What is needed => Report how many lines below include the string "symmetric". Please keep the reply to that number.

Dataset entries =>
════════════════════
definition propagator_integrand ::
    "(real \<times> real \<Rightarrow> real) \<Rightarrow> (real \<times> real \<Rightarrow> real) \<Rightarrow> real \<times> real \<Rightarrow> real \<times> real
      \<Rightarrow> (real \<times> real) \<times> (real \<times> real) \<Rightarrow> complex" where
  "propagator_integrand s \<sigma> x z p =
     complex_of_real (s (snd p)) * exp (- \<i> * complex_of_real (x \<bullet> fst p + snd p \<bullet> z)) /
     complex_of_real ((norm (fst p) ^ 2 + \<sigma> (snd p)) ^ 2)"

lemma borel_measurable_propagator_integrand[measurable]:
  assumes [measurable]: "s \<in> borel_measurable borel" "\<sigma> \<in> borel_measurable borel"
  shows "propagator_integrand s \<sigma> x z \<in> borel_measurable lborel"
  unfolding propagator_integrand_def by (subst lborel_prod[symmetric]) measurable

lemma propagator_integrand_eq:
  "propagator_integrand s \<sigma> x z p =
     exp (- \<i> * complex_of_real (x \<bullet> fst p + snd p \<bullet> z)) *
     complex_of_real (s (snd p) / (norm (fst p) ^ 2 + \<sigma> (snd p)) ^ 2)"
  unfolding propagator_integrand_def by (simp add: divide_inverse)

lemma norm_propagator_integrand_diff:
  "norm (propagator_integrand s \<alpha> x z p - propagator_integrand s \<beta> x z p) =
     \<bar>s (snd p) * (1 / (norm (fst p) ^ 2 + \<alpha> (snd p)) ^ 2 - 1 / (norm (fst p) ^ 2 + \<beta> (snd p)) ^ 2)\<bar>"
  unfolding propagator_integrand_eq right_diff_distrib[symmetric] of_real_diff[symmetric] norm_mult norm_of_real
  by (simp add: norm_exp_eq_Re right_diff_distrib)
════════════════════
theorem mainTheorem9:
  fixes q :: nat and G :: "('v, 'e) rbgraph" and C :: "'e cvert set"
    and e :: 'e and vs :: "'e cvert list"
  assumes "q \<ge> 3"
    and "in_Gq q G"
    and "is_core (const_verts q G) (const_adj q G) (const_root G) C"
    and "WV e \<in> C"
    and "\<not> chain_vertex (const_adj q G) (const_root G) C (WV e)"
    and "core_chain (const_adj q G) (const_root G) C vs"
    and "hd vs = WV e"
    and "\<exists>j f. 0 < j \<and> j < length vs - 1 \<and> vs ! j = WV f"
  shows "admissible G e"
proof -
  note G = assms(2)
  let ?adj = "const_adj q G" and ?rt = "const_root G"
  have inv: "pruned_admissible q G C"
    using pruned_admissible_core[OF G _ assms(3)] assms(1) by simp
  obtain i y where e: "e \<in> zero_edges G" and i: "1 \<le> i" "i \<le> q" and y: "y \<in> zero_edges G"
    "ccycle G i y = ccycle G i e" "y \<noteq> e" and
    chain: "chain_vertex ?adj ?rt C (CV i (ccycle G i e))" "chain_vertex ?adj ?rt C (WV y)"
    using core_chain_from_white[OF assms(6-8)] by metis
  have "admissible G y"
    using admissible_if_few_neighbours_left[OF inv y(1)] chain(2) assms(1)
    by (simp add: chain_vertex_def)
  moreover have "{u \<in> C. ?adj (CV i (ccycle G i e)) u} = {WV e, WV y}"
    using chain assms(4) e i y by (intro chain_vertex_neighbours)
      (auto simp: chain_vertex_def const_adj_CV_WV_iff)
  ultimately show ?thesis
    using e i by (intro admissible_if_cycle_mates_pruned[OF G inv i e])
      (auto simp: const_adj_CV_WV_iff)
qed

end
════════════════════
Output of the exercise => 2